Hybrid rough set and soft set parameter reduction process
Example of the obtained result from the hybrid rough set and soft set parameter reduction process for heart disease data set
After the new simplified data set had been generated through the hybrid parameter reduction process, the classification task was executed in phase 3. At this stage, neural network was used as a classifier to train and test the performance of the proposed hybrid parameter reduction method. Before the classification process was executed, the processed data sets were randomly divided into three groups, 70 % for training process, 15 % for testing process, and another 15 % for validation process. Training process was done several times until the best classification result was obtained. Finally, in phase 4, the obtained classification results for each data set were evaluated by using six standard performance measures; accuracy (ACC), sensitivity (SENS), specificity (SPEC), positive predictive value (PPV), negative predictive value (NPV), and receiver operating characteristic (ROC) curves [26]. The classification results are presented in Tables 2, 3, 4 and Figs. 4, 5.
Overall classification results
Receiver operating characteristic (ROC) plot for each data sets
3.2 Results and Discussion
Based on the accuracy rates in Tables 2 and 3, all the data sets delivered satisfactory results after the implementation of hybrid PR in the classification task. Three data sets (breast cancer, heart disease, and diabetes) showed a good increment of the classification accuracy rate after the implementation of the proposed hybrid parameter reduction method. Heart disease showed the most significant result compared to the other three data sets in which the accuracy rate improved by 17.3 %, from 64.3 % to 81.6 %. However, the accuracy rate for BUPA liver disorder data set decreased by 9.3 %, from 75.7 % to 66.4 %, after the implementation of the parameter reduction process. The differences of the performance accuracy are presented in Fig. 4 which are denoted by the accuracy rate before the hybrid PR is implemented (ACC) and the accuracy rate after the hybrid PR is implemented (ACC1). The performance of each data set is presented in Fig. 5. via receiver operating characteristic (ROC) curve plots. Among all the ROC plots, breast cancer showed the nearest curve to the upper-left corner in which the classification accuracy was 97.1 %, that is near to 100 %. It can be concluded that the neural network classifier performed well with the breast cancer data set.
To demonstrate the significant of this study, the obtained results were compared to the results of selected existing works that applied similar or nearly similar data sets. The results from two existing works by [15, 26] were used as the comparison and benchmarking since many existing works did not use real data set to test their proposed work. However, not all data sets were tested by the selected existing works. In this case, it is represented by ?NA? or non-available symbol. Unfortunately, these two existing works did not apply the same research method as the proposed work. Therefore, two additional hybrid parameter reduction methods were applied to all data sets as a comparison to the proposed work. The comparison results are presented in Table 4.

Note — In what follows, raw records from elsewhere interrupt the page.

(* Assume $h\in\mathcal H$, where $\mathcal H=\{h: h>S/\ln(1+S/\lambda_0)-S-\lambda_0\}$. (iii) $J_{\rm K\text{-}L}$ attains its unique minimum over $\Theta$ at a point $\hat\vartheta$, which is the unique solution of $J'_{\rm K\text{-}L}(\hat\vartheta)=0$. Its location depends on the sign of $h$: - if $h>0$, then $\hat\vartheta\in(\vartheta_0-\delta,\vartheta_0)$; - if $h<0$, then $\hat\vartheta\in(\vartheta_0,\vartheta_0+\delta)$; - if $h=0$, then $\hat\vartheta=\vartheta_0$. (iv) If in addition $h\neq0$, there exist constants $m,M>0$ such that for all $\vartheta\in\Theta$ $$m|\vartheta-\hat\vartheta|\le|J'_{\rm K\text{-}L}(\vartheta)|\le M|\vartheta-\hat\vartheta|$$ and $$\frac m2(\vartheta-\hat\vartheta)^2\le J_{\rm K\text{-}L}(\vartheta)-J_{\rm K\text{-}L}(\hat\vartheta)\le\frac M2(\vartheta-\hat\vartheta)^2.$$
   Context: Fix constants $S>0$, $\lambda_0>0$, $\kappa\in(0,1/2)$, $\delta>0$, $\tau>0$, and reals $\alpha<\beta$ such that $(\alpha-\delta,\beta+\delta)\subset(0,\tau-\delta)$. Put $\Theta_0=(\alpha,\beta)$ and $\Theta=(\alpha-\delta,\beta+\delta)$. Let $$\psi(x)=(x/\delta)^\kappa\mathbf 1_{\{0<x<\delta\}}+\mathbf 1_{\{x\ge\delta\}}.$$ The theoretical intensity is $\lambda(\vartheta,t)=S\psi(t-\vartheta)+\lambda_0$ for $t\in[0,\tau]$, $\vartheta\in\Theta$. The true intensity is $\lambda_*(\vartheta_0,t)=(S+h)\psi(t-\vartheta_0)+\lambda_0$, with fixed $\vartheta_0\in\Theta_0$ and fixed $h\in\mathbb R$. The Kullback–Leibler divergence is $$J_{\rm K\text{-}L}(\vartheta)=\int_{\vartheta\wedge\vartheta_0}^\tau\Bigl[\frac{\lambda(\vartheta,t)}{\lambda_*(\vartheta_0,t)}-1-\ln\frac{\lambda(\vartheta,t)}{\lambda_*(\vartheta_0,t)}\Bigr]\lambda_*(\vartheta_0,t)\,dt,\qquad\vartheta\in\Theta.$$ *)

theory Defs
  imports "HOL-Analysis.Analysis"
begin

definition psi :: "real \<Rightarrow> real \<Rightarrow> real \<Rightarrow> real" where
  "psi \<kappa> \<delta> x = (if 0 < x \<and> x < \<delta> then (x / \<delta>) powr \<kappa> else if x \<ge> \<delta> then 1 else 0)"

definition lam :: "real \<Rightarrow> real \<Rightarrow> real \<Rightarrow> real \<Rightarrow> real \<Rightarrow> real \<Rightarrow> real" where
  "lam S lam0 \<kappa> \<delta> th t = S * psi \<kappa> \<delta> (t - th) + lam0"

definition lam_star :: "real \<Rightarrow> real \<Rightarrow> real \<Rightarrow> real \<Rightarrow> real \<Rightarrow> real \<Rightarrow> real \<Rightarrow> real" where
  "lam_star S h lam0 \<kappa> \<delta> th0 t = (S + h) * psi \<kappa> \<delta> (t - th0) + lam0"

definition JKL :: "real \<Rightarrow> real \<Rightarrow> real \<Rightarrow> real \<Rightarrow> real \<Rightarrow> real \<Rightarrow> real \<Rightarrow> real \<Rightarrow> real" where
  "JKL S lam0 \<kappa> \<delta> \<tau> th0 h th =
     integral {min th th0..\<tau>}
       (\<lambda>t. (lam S lam0 \<kappa> \<delta> th t / lam_star S h lam0 \<kappa> \<delta> th0 t - 1
              - ln (lam S lam0 \<kappa> \<delta> th t / lam_star S h lam0 \<kappa> \<delta> th0 t))
             * lam_star S h lam0 \<kappa> \<delta> th0 t)"

end

theory Submission
  imports Defs
begin

text \<open>Substituting \<open>w = psi (t - th)\<close> (a layer-cake argument) makes \<open>JKL\<close> differentiable in
  \<open>th\<close>, with derivative \<open>J' th = (S + h) F (th - th0) - (S - lam0 L)\<close>, \<open>L = ln (1 + S / lam0)\<close>,
  where \<open>F c = \<integral>\<^sub>0\<^sup>1 psi (c + psi_inv w) S / (S w + lam0) dw\<close> is nondecreasing, vanishes
  for \<open>c \<le> -\<delta>\<close>, equals \<open>L\<close> for \<open>c \<ge> \<delta>\<close> and increases strictly in between. The hypothesis on
  \<open>h\<close> makes \<open>J'\<close> negative left of \<open>th0 - \<delta>\<close> and positive right of \<open>th0 + \<delta>\<close>, so \<open>J'\<close> has a
  unique zero, the strict minimiser; its side of \<open>th0\<close> is the sign of
  \<open>J' th0 = h (S - lam0 L) / S\<close>. For \<open>h \<noteq> 0\<close> the zero avoids \<open>th0\<close>, where \<open>psi\<close> has infinite
  slope, so \<open>F\<close> is bi-Lipschitz near it; with monotonicity and boundedness of \<open>J'\<close> this gives
  the linear bounds on \<open>J'\<close>, and integrating them the quadratic bounds on \<open>JKL\<close>.\<close>

lemma psi_eq_powr_clamp:
  assumes "\<delta> > 0"
  shows "psi \<kappa> \<delta> x = (min (max x 0) \<delta> / \<delta>) powr \<kappa>"
  using assms by (auto simp: psi_def min_def max_def)

lemma continuous_on_psi:
  assumes "\<delta> > 0" "\<kappa> > 0"
  shows "continuous_on A (psi \<kappa> \<delta>)"
proof -
  have "continuous_on A (\<lambda>x. (min (max x 0) \<delta> / \<delta>) powr \<kappa>)"
    using assms by (intro continuous_on_powr' continuous_intros) (auto simp: min_def max_def)
  then show ?thesis using psi_eq_powr_clamp[OF assms(1)] by simp
qed

lemma continuous_on_psi_comp [continuous_intros]:
  "\<delta> > 0 \<Longrightarrow> \<kappa> > 0 \<Longrightarrow> continuous_on A f \<Longrightarrow> continuous_on A (\<lambda>x. psi \<kappa> \<delta> (f x))"
  using continuous_on_compose2[OF continuous_on_psi] by blast

lemma psi_nonneg: "0 \<le> psi \<kappa> \<delta> x"
  by (auto simp: psi_def)

lemma psi_le_1: "\<delta> > 0 \<Longrightarrow> \<kappa> > 0 \<Longrightarrow> psi \<kappa> \<delta> x \<le> 1"
  by (auto simp: psi_def intro!: powr_le1)

lemma psi_eq_0: "x \<le> 0 \<Longrightarrow> \<delta> > 0 \<Longrightarrow> psi \<kappa> \<delta> x = 0"
  by (auto simp: psi_def)

lemma psi_eq_1: "x \<ge> \<delta> \<Longrightarrow> psi \<kappa> \<delta> x = 1"
  by (auto simp: psi_def)

lemma psi_mono:
  assumes "\<delta> > 0" "\<kappa> > 0" "x \<le> y"
  shows "psi \<kappa> \<delta> x \<le> psi \<kappa> \<delta> y"
  unfolding psi_eq_powr_clamp[OF assms(1)]
  using assms by (intro powr_mono2 divide_right_mono) (auto simp: min_def max_def)

lemma psi_strict_mono:
  assumes "\<delta> > 0" "\<kappa> > 0" "x < y" "0 < y" "x < \<delta>"
  shows "psi \<kappa> \<delta> x < psi \<kappa> \<delta> y"
  unfolding psi_eq_powr_clamp[OF assms(1)]
  using assms by (intro powr_less_mono2 divide_strict_right_mono) (auto simp: min_def max_def)

lemma psi_pos_less_1:
  assumes "\<delta> > 0" "\<kappa> > 0" "0 < x" "x < \<delta>"
  shows "0 < psi \<kappa> \<delta> x" "psi \<kappa> \<delta> x < 1"
  using psi_strict_mono[OF assms(1,2), of 0 x] psi_strict_mono[OF assms(1,2), of x \<delta>] assms
  by (simp_all add: psi_eq_0 psi_eq_1)

definition psi_inv :: "real \<Rightarrow> real \<Rightarrow> real \<Rightarrow> real" where
  "psi_inv \<kappa> \<delta> w = \<delta> * w powr (1/\<kappa>)"

lemma psi_inv_0 [simp]: "psi_inv \<kappa> \<delta> 0 = 0"
  and psi_inv_1 [simp]: "psi_inv \<kappa> \<delta> 1 = \<delta>"
  by (auto simp: psi_inv_def)

lemma psi_inv_psi:
  assumes "\<delta> > 0" "\<kappa> > 0" "0 \<le> y" "y \<le> \<delta>"
  shows "psi_inv \<kappa> \<delta> (psi \<kappa> \<delta> y) = y"
proof -
  have "psi \<kappa> \<delta> y = (y/\<delta>) powr \<kappa>"
    using assms by (simp add: psi_eq_powr_clamp min_def max_def)
  then show ?thesis using assms by (simp add: psi_inv_def powr_powr)
qed

lemma psi_inv_mono:
  "\<delta> > 0 \<Longrightarrow> \<kappa> > 0 \<Longrightarrow> 0 \<le> w \<Longrightarrow> w \<le> v \<Longrightarrow> psi_inv \<kappa> \<delta> w \<le> psi_inv \<kappa> \<delta> v"
  unfolding psi_inv_def by (auto intro!: powr_mono2)

lemma psi_inv_nonneg: "\<delta> > 0 \<Longrightarrow> 0 \<le> psi_inv \<kappa> \<delta> w"
  by (simp add: psi_inv_def)

lemma psi_inv_pos: "\<delta> > 0 \<Longrightarrow> w > 0 \<Longrightarrow> psi_inv \<kappa> \<delta> w > 0"
  by (simp add: psi_inv_def)

lemma psi_inv_le:
  "\<delta> > 0 \<Longrightarrow> \<kappa> > 0 \<Longrightarrow> 0 \<le> w \<Longrightarrow> w \<le> 1 \<Longrightarrow> psi_inv \<kappa> \<delta> w \<le> \<delta>"
  unfolding psi_inv_def by (auto intro!: powr_le1)

lemma psi_psi_inv:
  assumes "\<delta> > 0" "\<kappa> > 0" "0 \<le> w" "w \<le> 1"
  shows "psi \<kappa> \<delta> (psi_inv \<kappa> \<delta> w) = w"
proof -
  have "min (max (psi_inv \<kappa> \<delta> w) 0) \<delta> / \<delta> = w powr (1/\<kappa>)"
    using assms psi_inv_nonneg[of \<delta> \<kappa> w] psi_inv_le[OF assms] by (simp add: psi_inv_def)
  then show ?thesis using assms by (simp add: psi_eq_powr_clamp powr_powr)
qed

lemma le_psi_inv_of_psi_le:
  assumes "\<delta> > 0" "\<kappa> > 0" "x \<le> \<delta>" "psi \<kappa> \<delta> x \<le> w"
  shows "x \<le> psi_inv \<kappa> \<delta> w"
proof (cases "x \<le> 0")
  case False
  then have "psi_inv \<kappa> \<delta> (psi \<kappa> \<delta> x) = x" using assms by (intro psi_inv_psi) auto
  then show ?thesis using assms psi_nonneg psi_inv_mono[OF assms(1,2), of "psi \<kappa> \<delta> x" w] by auto
qed (use psi_inv_nonneg[OF assms(1)] in \<open>simp add: order_trans\<close>)

lemma psi_inv_le_of_le_psi:
  assumes "\<delta> > 0" "\<kappa> > 0" "0 \<le> y" "0 \<le> w" "w \<le> psi \<kappa> \<delta> y"
  shows "psi_inv \<kappa> \<delta> w \<le> y"
proof (cases "y \<le> \<delta>")
  case True
  then have "psi_inv \<kappa> \<delta> (psi \<kappa> \<delta> y) = y" using assms by (intro psi_inv_psi) auto
  then show ?thesis using assms psi_inv_mono[OF assms(1,2), of w "psi \<kappa> \<delta> y"] by auto
next
  case False
  then show ?thesis using assms psi_le_1[OF assms(1,2), of y] psi_inv_le[OF assms(1,2), of w] by auto
qed

lemma continuous_on_psi_inv: "\<kappa> > 0 \<Longrightarrow> continuous_on {0..} (psi_inv \<kappa> \<delta>)"
  unfolding psi_inv_def by (intro continuous_intros continuous_on_powr') auto

lemma has_real_derivative_psi_inv:
  "w > 0 \<Longrightarrow> (psi_inv \<kappa> \<delta> has_real_derivative \<delta> * ((1/\<kappa>) * w powr (1/\<kappa> - 1))) (at w)"
  unfolding psi_inv_def by (auto intro!: derivative_eq_intros)

lemma powr_diff_eq_mvt:
  fixes s t \<kappa> :: real
  assumes "0 \<le> s" "s < t" "\<kappa> > 0"
  obtains z where "s < z" "z < t" "t powr \<kappa> - s powr \<kappa> = (t - s) * (\<kappa> * z powr (\<kappa> - 1))"
proof -
  have c: "continuous_on {s..t} (\<lambda>z. z powr \<kappa>)"
    using assms by (intro continuous_on_powr' continuous_intros) auto
  have d: "\<And>z. s < z \<Longrightarrow> z < t \<Longrightarrow> ((\<lambda>z. z powr \<kappa>) has_real_derivative \<kappa> * z powr (\<kappa> - 1)) (at z)"
    using assms by (auto intro!: has_real_derivative_powr)
  from MVT[OF assms(2) c] d obtain l z where "s < z" "z < t" "DERIV (\<lambda>z. z powr \<kappa>) z :> l"
     "t powr \<kappa> - s powr \<kappa> = (t - s) * l"
    by (metis real_differentiable_def)
  moreover have "l = \<kappa> * z powr (\<kappa> - 1)"
    using d[OF \<open>s<z\<close> \<open>z<t\<close>] calculation(3) DERIV_unique by blast
  ultimately show ?thesis using that by blast
qed

lemma powr_diff_ge:
  fixes s t \<kappa> :: real
  assumes "0 \<le> s" "s \<le> t" "t \<le> 1" "\<kappa> > 0" "\<kappa> < 1"
  shows "\<kappa> * (t - s) \<le> t powr \<kappa> - s powr \<kappa>"
proof (cases "s = t")
  case False
  then have "s < t" using assms(2) by simp
  then obtain z where z: "s < z" "z < t" "t powr \<kappa> - s powr \<kappa> = (t - s) * (\<kappa> * z powr (\<kappa> - 1))"
    by (rule powr_diff_eq_mvt[OF assms(1) _ assms(4)])
  have "1 \<le> z powr (\<kappa> - 1)"
    using z assms powr_mono2'[of "\<kappa> - 1" z 1] by auto
  then have "\<kappa> * (t - s) \<le> (t - s) * (\<kappa> * z powr (\<kappa> - 1))"
    using z assms by (simp add: mult_left_mono)
  then show ?thesis using z by simp
qed simp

The proposed hybrid parameter reduction method produced significant results for two data sets, breast cancer and heart disease, when it is compared to the other two hybrid PR methods (information gain with soft set and principle component with rough set). Meanwhile, by referring to the existing works, there are some possibilities that make the classification results better than the proposed work. Firstly, the objective of the work proposed by [15] was to test the ability of the bijective soft set to generate the classification rules instead of using it as a parameter reduction method. Secondly, the data set used by [26] in their work were from their own collection in which there were no missing values and other limitations such as small number of instances. Among the four data sets used, it can be concluded that breast cancer is one of the best data set that can be applied in any decision analysis problem since it helps in producing good results as shown in Table 4. A number of possibilities that might cause low accuracy rate of the data sets such as the characteristic of the data set, data size, and the chosen classifier should be further investigated. Since the work proposed by [15] produced good classification results, it might be considered to be implemented in the proposed framework in order to increase the classification performance.
4 Conclusion
To ensure a good decision is made, one of the most important approaches that researchers should apply in the decision analysis task is parameter reduction process. This process will eliminate complex data such as uncertainty values and simplify data volume into an acceptable data format. Recently, many research works have proposed different hybrid parameter reduction methods to overcome the limitation of a single parameter reduction method and to increase the performance of the previous works. Driven by the existing works highlighted in the previous sections, this study proposed a new framework of hybrid parameter reduction method which manipulates the advantages of rough set and soft set theories in dealing with complex data problem. Consequently, this study analysed the existing hybrid works and also investigated the ability and the performance of the proposed hybrid parameter reduction method in processing complex medical data for classification problem.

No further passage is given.